Alternatives considered

  • Keep both Base/ and Setoid/ as co-canonical. Rejected because this is what the 2.x line did, and the cost of every new theorem being built twice is precisely what motivated the reconstruction. There is no mathematical case for carrying both indefinitely once the Classical and Cubical tracks exist.
  • Delete Base/ outright. Rejected because (i) several theorems live only in Base/ and would be lost until re-proven, and (ii) the TYPES 2021 citations in the literature point at Base/-tree modules whose URLs should continue to resolve. Freezing under Legacy/Base/ preserves both.
  • Adopt Base/ as canonical, reconstruct Setoid/ as a translation layer. Rejected because Setoid/ already contains the definitive HSP proof, matches stdlib's bundle idiom, and keeps the door open to cubical Agda β€” three forward-looking properties that Base/ does not have.
  • Port every Base/* module to Setoid/* before freezing. Rejected as a blocker for M2-1. 35 of 68 Base/* modules have no Setoid/ analog at the time of writing, and several β€” most notably Base.Relations.Continuous (central to M9) and the entire Base.Structures.* subtree (superseded by the planned M3 Classical/ tree, not by a parallel Setoid.Structures development) β€” would require nontrivial design work before they could be ported. Conflating the organizational decision with a substantive mathematical refactor would either delay M2-1 indefinitely or force rushed ports.
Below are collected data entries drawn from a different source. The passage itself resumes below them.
fun abstraction :: "tm \<Rightarrow> bool" where
  "abstraction (Lam _ _) = True"
| "abstraction (TLam _ _) = True"
| "abstraction _ = False"

lemma typK_TLam_not_Arr: "\<not> typK \<Gamma> (TLam S t) (Arr A B)"
  using typK_TLam_inv alg_sub_AllK_cases by fastforce

lemma typK_Lam_not_AllT: "\<not> typK \<Gamma> (Lam S t) (AllT A B)"
  using typK_Lam_inv alg_sub_Arr_cases by fastforce

definition typK_reflected :: "env \<Rightarrow> tm \<Rightarrow> bool" where
  "typK_reflected \<Gamma> t \<longleftrightarrow>
    (\<forall>A T. typK \<Gamma> t A \<longrightarrow> alg_sub \<Gamma> A T \<longrightarrow> top_ty T \<longrightarrow> wf_ty \<Gamma> T \<longrightarrow> typT \<Gamma> t T)"

definition typK_minorized :: "env \<Rightarrow> tm \<Rightarrow> bool" where
  "typK_minorized \<Gamma> t \<longleftrightarrow>
    (\<forall>A. typK \<Gamma> t A \<longrightarrow> (\<exists>M. top_ty M \<and> wf_ty \<Gamma> M \<and> typT \<Gamma> t M \<and> alg_sub \<Gamma> M A))"

lemma typK_reflected_if_minorized:
  assumes "wf_env \<Gamma>" "top_env \<Gamma>" "typK_minorized \<Gamma> t"
  shows "typK_reflected \<Gamma> t"
  unfolding typK_reflected_def
proof (intro allI impI)
  fix A T assume A: "typK \<Gamma> t A" "alg_sub \<Gamma> A T" "top_ty T" "wf_ty \<Gamma> T"
  then obtain M where M: "top_ty M" "wf_ty \<Gamma> M" "typT \<Gamma> t M" "alg_sub \<Gamma> M A"
    using assms(3) unfolding typK_minorized_def by blast
  have "subT \<Gamma> M T"
    using alg_sub_trans[OF M(4) A(2)] assms(1,2) M(2) A(4) M(1) A(3) by (rule alg_sub_imp_subT)
  with M(3) show "typT \<Gamma> t T" by (rule TT_Sub)
qed

lemma typK_minorized_top: "wf_env \<Gamma> \<Longrightarrow> typK_minorized \<Gamma> top"
  unfolding typK_minorized_def by (auto intro!: exI[of _ TTop] TT_Top typK_top_inv)

lemma typK_minorized_Var:
  assumes "wf_env \<Gamma>" "top_env \<Gamma>"
  shows "typK_minorized \<Gamma> (V i)"
  unfolding typK_minorized_def
proof (intro allI impI)
  fix A assume "typK \<Gamma> (V i) A"
  then obtain U where "i < length \<Gamma>" "\<Gamma> ! i = VarB U" "alg_sub \<Gamma> (shift_ty (Suc i) 0 U) A"
    using typK_Var_inv by blast
  moreover have "typT \<Gamma> (V i) (shift_ty (Suc i) 0 U)"
    using assms(1) calculation(1,2) by (rule TT_Var)
  ultimately show "\<exists>M. top_ty M \<and> wf_ty \<Gamma> M \<and> typT \<Gamma> (V i) M \<and> alg_sub \<Gamma> M A"
    using assms wf_ty_lookup[of \<Gamma> i U] top_ty_lookup[of \<Gamma> i U]
    by (auto intro!: exI[of _ "shift_ty (Suc i) 0 U"])
qed

lemma typK_reflected_Lam:
  assumes "wf_env \<Gamma>" "top_env \<Gamma>" "wf_ty \<Gamma> S" "top_ty S" "typK_reflected (VarB S # \<Gamma>) u"
  shows "typK_reflected \<Gamma> (Lam S u)"
  unfolding typK_reflected_def
proof (intro allI impI)
  fix A T assume A: "typK \<Gamma> (Lam S u) A" "alg_sub \<Gamma> A T" "top_ty T" "wf_ty \<Gamma> T"
  obtain B where B: "typK (VarB S # \<Gamma>) u (shift_ty 1 0 B)" "alg_sub \<Gamma> (Arr S B) A"
    using typK_Lam_inv[OF A(1)] by blast
  have "alg_sub \<Gamma> (Arr S B) T" using B(2) A(2) alg_sub_trans by blast
  from alg_sub_Arr_cases[OF this] show "typT \<Gamma> (Lam S u) T"
  proof (elim disjE exE conjE)
    assume "T = TTop"
    have "typT (VarB S # \<Gamma>) u TTop"
      using assms(5) B(1) AS_Top unfolding typK_reflected_def by simp
    then have "typT \<Gamma> (Lam S u) (Arr S TTop)" using TT_Abs[of S \<Gamma> u TTop] by simp
    moreover have "subT \<Gamma> (Arr S TTop) TTop" using assms(1,3) by (simp add: ST_Top)
    ultimately show ?thesis using \<open>T = TTop\<close> by (simp add: TT_Sub)
  next
    fix T1 T2 assume T: "T = Arr T1 T2" "alg_sub \<Gamma> T1 S" "alg_sub \<Gamma> B T2"
    have "alg_sub (VarB S # \<Gamma>) (shift_ty 1 0 B) (shift_ty 1 0 T2)"
      using alg_sub_weaken[OF T(3), of "[]"] by simp
    moreover have "wf_ty (VarB S # \<Gamma>) (shift_ty 1 0 T2)"
      using wf_ty_weaken[of \<Gamma> T2 "[VarB S]"] A T by simp
    ultimately have "typT (VarB S # \<Gamma>) u (shift_ty 1 0 T2)"
      using assms(5) B(1) A T unfolding typK_reflected_def by auto
    then have "typT \<Gamma> (Lam S u) (Arr S T2)" by (rule TT_Abs)
    moreover have "subT \<Gamma> (Arr S T2) (Arr T1 T2)"
      using alg_sub_imp_subT[OF T(2)] assms A T by (simp add: ST_Arr ST_Refl)
    ultimately show ?thesis unfolding T(1) by (rule TT_Sub)
  qed
qed
lemma return_col_reaches_0:
  assumes "j < n"
  shows "\<exists>k. (return_col ^^ k) j = 0"
proof -
  define e where "e = j mod (a + b)"
  have "e < a + b"
    using a_pos by (simp add: e_def)
  then have "\<exists>i. (e + i * m) mod n = j"
    using exists_add_mult_mod_eq[of e n j m] assms block_le_n gcd_mn by (simp add: e_def)
  then obtain i where "(e + i * m) mod n = j" ..
  moreover have "(e + i * m) mod n = (e + (i mod class_size) * m) mod n"
  proof -
    have "i = i mod class_size + i div class_size * class_size"
      by simp
    then have "i * m = (i mod class_size) * m + (i div class_size) * (class_size * m)"
      by (metis distrib_right mult.assoc)
    also have "\<dots> = (i mod class_size) * m + n * ((i div class_size) * (m div (a + b)))"
      unfolding class_size_mult_m by (simp add: mult_ac)
    finally show ?thesis
      by (simp only: add.assoc[symmetric] mod_mult_self2)
  qed
  ultimately have "(return_col ^^ (i mod class_size)) e = j"
    using return_col_pow_in_class[OF \<open>e < a + b\<close>] class_size_pos by simp
  moreover have "class_size - i mod class_size + i mod class_size = class_size"
    using class_size_pos by (simp add: le_add_diff_inverse2 less_imp_le)
  ultimately have "(return_col ^^ (class_size - i mod class_size)) j = (return_col ^^ class_size) e"
    by (metis funpow_add o_apply)
  also have "\<dots> = (e + b) mod (a + b)"
    by (rule return_col_pow_class_size[OF \<open>e < a + b\<close>])
  finally have to_block: "(return_col ^^ (class_size - i mod class_size)) j = (e + b) mod (a + b)" .
  have "gcd b (a + b) = 1"
    using coprime_ab by (metis gcd.commute gcd_add1)
  then have "\<exists>t. ((e + b) mod (a + b) + t * b) mod (a + b) = 0"
    using a_pos by (intro exists_add_mult_mod_eq) auto
  then obtain t where "((e + b) mod (a + b) + t * b) mod (a + b) = 0" ..
  then have "(return_col ^^ (t * class_size)) ((e + b) mod (a + b)) = 0"
    using return_col_pow_mult a_pos by simp
  then have "(return_col ^^ (t * class_size + (class_size - i mod class_size))) j = 0"
    using to_block by (simp add: funpow_add)
  then show ?thesis ..
qed

lemma f_reaches_return_col_pow:
  assumes "j < n"
  shows "\<exists>k. (f ^^ k) (0, j) = (0, (return_col ^^ t) j)"
proof (induction t)
  case 0
  have "(f ^^ 0) (0, j) = (0, (return_col ^^ 0) j)" by simp
  then show ?case ..
next
  case (Suc t)
  then obtain k where k: "(f ^^ k) (0, j) = (0, (return_col ^^ t) j)" ..
  have "(return_col ^^ t) j < n"
    using assms return_col_less by (cases t) simp_all
  then obtain k' where "(f ^^ k') (0, (return_col ^^ t) j) = (0, (return_col ^^ Suc t) j)"
    using f_return by auto
  with k have "(f ^^ (k' + k)) (0, j) = (0, (return_col ^^ Suc t) j)"
    by (simp add: funpow_add)
  then show ?case ..
qed

theorem is_solution_filled: "is_solution filled f"
proof (rule is_solutionI)
  show "finite filled"
    using filled_subset finite_cells by (rule finite_subset)
  show bij: "bij_betw f filled filled"
    by (rule bishop_bij_betw[OF filled_subset])
  show "(0, 0) \<in> filled"
    using a_less b_less by (simp add: mem_filled)
  fix x assume "x \<in> filled"
  then obtain k j where k: "(f ^^ k) x = (0, j)"
    using f_reaches_top_row by blast
  have "(0, j) \<in> filled"
    using bij_betw_funpow[OF bij, of k] \<open>x \<in> filled\<close> k by (metis bij_betwE)
  then have "j < n"
    by (simp add: mem_filled)
  then obtain t where "(return_col ^^ t) j = 0"
    using return_col_reaches_0 by blast
  then obtain k' where "(f ^^ k') (0, j) = (0, 0)"
    using f_reaches_return_col_pow[OF \<open>j < n\<close>, of t] by auto
  with k have "(f ^^ (k' + k)) x = (0, 0)"
    by (simp add: funpow_add)
  then show "\<exists>k. (f ^^ k) x = (0, 0)" ..
qed

end

theorem lemma4p12:
  fixes m n a b :: nat and I2 :: "nat set"
  assumes "0 < a" "0 < b" "a < m" "b < n"
    and "I2 = {0..<b} \<or> I2 = {n - b..<n}"
    and "gcd m n = a + b" and "gcd a b = 1"
  shows "is_solution (cells m n - {m - a..<m} \<times> I2) (bishop m n (cells m n - {m - a..<m} \<times> I2))"
proof -
  interpret corner_hole m n a b
    using assms by unfold_locales
  from assms(5) show ?thesis
  proof
    assume "I2 = {0..<b}"
    then show ?thesis
      using is_solution_filled by (simp add: filled_def)
  next
    assume "I2 = {n - b..<n}"
    have "shift_cols n (n - b) ` filled = cells m n - {m - a..<m} \<times> I2"
      unfolding filled_def \<open>I2 = {n - b..<n}\<close> using assms(4) by (intro shift_cols_corner) auto
    moreover have "0 < n"
      using assms(4) by simp
    ultimately show ?thesis
      using is_solution_shift_cols[OF filled_subset _ is_solution_filled] by metis
  qed
qed

end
The freeze-now, port-on-schedule policy is recorded in DEPRECATED.md and tracked by the per-orphan child issues.
  • Make Cubical/ canonical immediately, bypassing the Setoid intermediate. Rejected. Cubical Agda is the long-term canonical target (ADR-003), but the library's Cubical development is currently a stub. Until the Cubical tree matches the breadth of Setoid/, designating it canonical would be aspirational rather than substantive. The chosen path β€” Setoid canonical for 3.0, with Setoid/ definitions phrased in terms of the algebra's equivalence relation rather than setoid-specific features β€” makes the eventual M5 Cubical port mechanical rather than a redesign.

References

  • Issue M2-1 β€” Freeze Base/, adopt Setoid/ as canonical.
  • Issue M2-6 β€” Extract Setoid-canonical foundations from Legacy.Base.
  • docs/STYLE_GUIDE.md β€” section on record vs Ξ£, which depends on this decision.
  • docs/GITHUB_PROJECT.md β€” milestone 2 exit criterion.
  • src/Legacy/Base/DEPRECATED.md β€” three-category inventory of legacy content with migration guidance (added 2026-05-02 during M2-1 implementation).
  • DeMeo and Carette (2023), A Machine-Checked Proof of Birkhoff's Variety Theorem in Martin-LΓΆf Type Theory, TYPES 2021 post-proceedings.